Optimizing Agent Workflows for Modern LLMs

Writing effective agent skills requires deep knowledge of prompt engineering. With the release of advanced reasoning models like Claude 3.5 Sonnet, ChatGPT o1, and DeepSeek-V3, prompt templates must focus on structured thinking. Developers are encouraged to use XML tags (e.g., <thought>, <context>, and <rules>) to isolate execution boundaries. Standardized prompts prevent agents from suffering from context drift, ensuring that long-running tasks remain aligned with the initial system parameters.

Exploring by SOC Occupations and Creator Profiles

What makes SkillMD unique is its taxonomy. Instead of simple text search, we parse and organize files according to the Standard Occupational Classification (SOC) system. This means you can discover skills written for Computer and Mathematical roles, Business and Financial operations, Legal, Design, and and Educational Instruction fields. By tracking creator profiles, developers can study how different teams organize their custom instructions, compare version updates, and fork public configs for specialized enterprise use cases.
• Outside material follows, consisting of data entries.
lemma pow_one_minus_half_ceiling_le_exp:
  fixes p x :: real
  assumes "0 < p" "p \<le> 1"
  shows "(1 - p / 2) ^ nat \<lceil>x / p\<rceil> \<le> exp (- x / 2)"
proof -
  have "(1 - p / 2) ^ nat \<lceil>x / p\<rceil> \<le> exp (- p / 2) ^ nat \<lceil>x / p\<rceil>"
    using assms exp_ge_add_one_self[of "- p / 2"] by (intro power_mono) auto
  also have "\<dots> = exp (- (p * nat \<lceil>x / p\<rceil>) / 2)"
    by (simp add: exp_of_nat_mult[symmetric] mult.commute)
  also have "\<dots> \<le> exp (- x / 2)"
    using assms real_nat_ceiling_ge[of "x / p"] by (simp add: divide_le_eq mult.commute)
  finally show ?thesis .
qed

theorem lemma4:
  fixes p q :: "nat \<Rightarrow> real" and \<alpha> :: "nat \<Rightarrow> nat list"
  assumes "\<And>n. 0 < p n \<and> p n \<le> 1"
    and "\<And>n. 0 < q n \<and> q n \<le> 1"
    and "\<And>n. sum_list (\<alpha> n) = n \<and> 0 \<notin> set (\<alpha> n)"
  shows "(\<lambda>n. measure_pmf.prob (bs_run (p n) (q n) (nat \<lceil>real n ^ 2 / p n\<rceil>) (\<alpha> n))
             {ys. \<forall>i < length (\<alpha> n). ys ! i = 0}) \<longlonglongrightarrow> 1"
proof -
  let ?M = "\<lambda>n. nat \<lceil>real n ^ 2 / p n\<rceil>"
  let ?consumed = "\<lambda>n. measure_pmf.prob (bs_run (p n) (q n) (?M n) (\<alpha> n))
                          {ys. \<forall>i < length (\<alpha> n). ys ! i = 0}"
  define bound where "bound n = exp (- (real n ^ 2) / 2) * 2 ^ Suc n" for n :: nat
  have consumed_ge: "1 - bound n \<le> ?consumed n" for n
  proof -
    have p: "0 < p n" "p n \<le> 1" and "0 < q n" and sum: "sum_list (\<alpha> n) = n"
      using assms by auto
    have "(1 - p n / 2) ^ ?M n * 2 ^ Suc (sum_list (\<alpha> n)) \<le> bound n"
      unfolding bound_def sum
      by (rule mult_right_mono[OF pow_one_minus_half_ceiling_le_exp[OF p]]) simp
    moreover have "1 - (1 - p n / 2) ^ ?M n * 2 ^ Suc (sum_list (\<alpha> n)) \<le> ?consumed n"
      using p \<open>0 < q n\<close> by (intro prob_initial_piles_consumed_ge) auto
    ultimately show ?thesis
      by linarith
  qed
  have "bound \<longlonglongrightarrow> 0"
    unfolding bound_def by real_asymp
  then have "(\<lambda>n. 1 - bound n) \<longlonglongrightarrow> 1 - 0"
    by (intro tendsto_diff tendsto_const)
  then have "(\<lambda>n. 1 - bound n) \<longlonglongrightarrow> 1"
    by simp
  then show ?thesis
  proof (rule tendsto_sandwich[rotated 2, where h = "\<lambda>n. 1"])
    show "\<forall>\<^sub>F n in sequentially. 1 - bound n \<le> ?consumed n"
      using consumed_ge by (intro always_eventually allI)
  qed simp_all
qed
lemma weak_solution_truncated_mass:
  assumes kernel: "kernel_assms Psi \<beta> k" and gin: "L1_wt \<beta> gin" and weak: "weak_solution Psi \<beta> T gin g"
    and "t \<in> tint T" and "t > 0" and "q > 0"
  shows "(LINT z:{0<..<q}|lebesgue. z * g z t) - (LINT z:{0<..<q}|lebesgue. z * gin z)
    = 1/2 * (LINT s:{0<..<t}|lebesgue. LINT z:{0<..}|lebesgue. LINT y:{0<..}|lebesgue.
      (truncated_mass q (z + y) - truncated_mass q z - truncated_mass q y) * Psi z y * g z s * g y s)"
proof -
  have "\<beta> \<ge> 0" using kernel unfolding kernel_assms_def by simp
  have "set_integrable lebesgue {0<..} (\<lambda>z. g z t)"
    using weak \<open>t \<in> tint T\<close> unfolding weak_solution_def by blast
  moreover have "set_integrable lebesgue {0<..} gin"
    using L1_wt_set_integrable[OF \<open>\<beta> \<ge> 0\<close> gin] .
  ultimately have "(LINT z:{0<..<q}|lebesgue. z * g z t) - (LINT z:{0<..<q}|lebesgue. z * gin z)
      = (LINT z:{0<..}|lebesgue. (g z t - gin z) * truncated_mass q z)"
    using set_integral_times_truncated_mass[OF _ \<open>q > 0\<close>] by (simp add: left_diff_distrib set_integral_diff)
  moreover have "bounded (truncated_mass q ` {0<..})"
    using abs_truncated_mass_le[OF \<open>q > 0\<close>] by (auto simp: bounded_iff)
  ultimately show ?thesis
    using weak \<open>t \<in> tint T\<close> \<open>t > 0\<close> unfolding weak_solution_def by simp
qed

theorem lemma3p1:
  fixes Psi :: "real \<Rightarrow> real \<Rightarrow> real" and \<beta> k :: real and T :: ereal
    and gin :: "real \<Rightarrow> real" and g :: "real \<Rightarrow> real \<Rightarrow> real"
  assumes "kernel_assms Psi \<beta> k"
    and "T > 0"
    and "L1_wt \<beta> gin" and "\<forall>z>0. gin z \<ge> 0"
    and "weak_solution Psi \<beta> T gin g"
  shows "\<forall>q>0. \<forall>t. 0 < t \<and> ereal t < T \<longrightarrow>
    (LINT z:{0<..<q}|lebesgue. z * g z t) - (LINT z:{0<..<q}|lebesgue. z * gin z) =
    - (LINT s:{0<..<t}|lebesgue. LINT z:{0<..<q}|lebesgue. LINT y:{q - z<..}|lebesgue.
         z * Psi z y * g z s * g y s)"
proof (intro allI impI)
  fix q t :: real
  assume "q > 0" and "0 < t \<and> ereal t < T"
  then have "t \<in> tint T" and "t > 0" unfolding tint_def by simp_all
  then show "(LINT z:{0<..<q}|lebesgue. z * g z t) - (LINT z:{0<..<q}|lebesgue. z * gin z) =
    - (LINT s:{0<..<t}|lebesgue. LINT z:{0<..<q}|lebesgue. LINT y:{q - z<..}|lebesgue.
         z * Psi z y * g z s * g y s)"
    using weak_solution_truncated_mass[OF assms(1,3,5) _ _ \<open>q > 0\<close>]
      weak_solution_coag_term[OF assms(1,5) _ \<open>q > 0\<close>] by simp
qed

end
section \<open>The FI-modules \<open>S(M(X))\<close> and the maps \<open>\<rho>\<^sub>f\<close>\<close>

lemma FMod_Shift_Mfree [simp]: "FMod (Shift (Mfree R X)) Z = free_mod R (FIm X (sig Z))"
  by (simp add: Shift_def Mfree_def)

lemma FAct_Shift_Mfree:
  "FAct (Shift (Mfree R X)) Z W g = free_push R (FIm X (sig Z)) (FIm X (sig W)) (compose X (sigf Z g))"
  by (simp add: Shift_def Mfree_def free_push_def fun_eq_iff)

lemma rho_eq_free_push: "rho R X Y f Z = free_push R (FIm Y Z) (FIm X Z) (\<lambda>g. compose X g f)"
  by (simp add: rho_def free_push_def fun_eq_iff)

context
  fixes R :: "('k, 'm) ring_scheme"
  assumes R: "cring R"
begin

lemma Shift_Mfree_closed:
  "c \<in> carrier (FMod (Shift (Mfree R X)) Z) \<Longrightarrow>
   FAct (Shift (Mfree R X)) Z W g c \<in> carrier (FMod (Shift (Mfree R X)) W)"
  unfolding FAct_Shift_Mfree FMod_Shift_Mfree by (rule free_push_closed[OF R])

lemma Shift_Mfree_basis_vec:
  assumes X: "finite X" and Z: "finite Z" and g: "g \<in> FIm Z W" and h: "h \<in> FIm X (sig Z)"
  shows "FAct (Shift (Mfree R X)) Z W g (basis_vec R (FIm X (sig Z)) h)
       = basis_vec R (FIm X (sig W)) (compose X (sigf Z g) h)"
  unfolding FAct_Shift_Mfree
  by (rule free_push_basis_vec[OF R finite_FIm[OF X finite_sig[OF Z]] h])
    (rule FIm_compose[OF h sigf_FIm[OF g]])

lemma rho_closed:
  "c \<in> carrier (free_mod R (FIm Y Z)) \<Longrightarrow> rho R X Y f Z c \<in> carrier (free_mod R (FIm X Z))"
  unfolding rho_eq_free_push by (rule free_push_closed[OF R])

lemma rho_hom:
  "finite Y \<Longrightarrow> finite Z \<Longrightarrow> rho R X Y f Z \<in> module_hom R (free_mod R (FIm Y Z)) (free_mod R (FIm X Z))"
  unfolding rho_eq_free_push by (rule free_push_hom[OF R finite_FIm])

lemma rho_basis_vec:
  assumes Y: "finite Y" and Z: "finite Z" and f: "f \<in> FIm X Y" and g: "g \<in> FIm Y Z"
  shows "rho R X Y f Z (basis_vec R (FIm Y Z) g) = basis_vec R (FIm X Z) (compose X g f)"
  unfolding rho_eq_free_push
  by (rule free_push_basis_vec[OF R finite_FIm[OF Y Z] g]) (rule FIm_compose[OF f g])

lemma rho_natural:
  assumes X: "finite X" and Y: "finite Y" and Z: "finite Z" and W: "finite W"
    and f: "f \<in> FIm X Y" and g: "g \<in> FIm Z W" and c: "c \<in> carrier (free_mod R (FIm Y (sig Z)))"
  shows "rho R X Y f (sig W) (FAct (Shift (Mfree R Y)) Z W g c)
       = FAct (Shift (Mfree R X)) Z W g (rho R X Y f (sig Z) c)"
proof -
  have fin: "finite (FIm A (sig B))" if "finite A" "finite B" for A B
    using finite_FIm[OF that(1) finite_sig[OF that(2)]] .
  have "rho R X Y f (sig W) (FAct (Shift (Mfree R Y)) Z W g c)
      = free_push R (FIm Y (sig Z)) (FIm X (sig W)) (\<lambda>k. compose X (compose Y (sigf Z g) k) f) c"
    unfolding rho_eq_free_push FAct_Shift_Mfree using FIm_compose[OF _ sigf_FIm[OF g]]
    by (intro free_push_free_push[OF R fin[OF Y Z] fin[OF Y W] _ c]) auto
  also have "\<dots> = free_push R (FIm Y (sig Z)) (FIm X (sig W)) (\<lambda>k. compose X (sigf Z g) (compose X k f)) c"
    by (simp add: compose_assoc[OF FIm_funcset[OF f]])
  also have "\<dots> = FAct (Shift (Mfree R X)) Z W g (rho R X Y f (sig Z) c)"
    unfolding rho_eq_free_push FAct_Shift_Mfree using FIm_compose[OF f]
    by (intro free_push_free_push[OF R fin[OF Y Z] fin[OF X Z] _ c, symmetric]) auto
  finally show ?thesis .
qed

end

section \<open>FI-modules and their homomorphisms\<close>

lemma FI_module_module: "is_FI_module R V \<Longrightarrow> finite X \<Longrightarrow> module R (FMod V X)"
  by (simp add: is_FI_module_def)

lemma FI_module_hom: "is_FI_module R V \<Longrightarrow> finite X \<Longrightarrow> finite Y \<Longrightarrow> f \<in> FIm X Y \<Longrightarrow>
    FAct V X Y f \<in> module_hom R (FMod V X) (FMod V Y)"
  by (simp add: is_FI_module_def)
SkillMD operates as a high-performance index running on a fast Go backend and a highly responsive Astro SSR frontend. All search queries execute in milliseconds, featuring smart debouncing to prevent multiple API requests while keeping user data secure. Join our community of developers to standardize your AI agent instructions and optimize your LLM prompting workflows today.

8 QUESTIONS

Frequently Asked Questions

A practical guide to agent skills: what they are, how to inspect them, and how SkillMD helps you explore the ecosystem.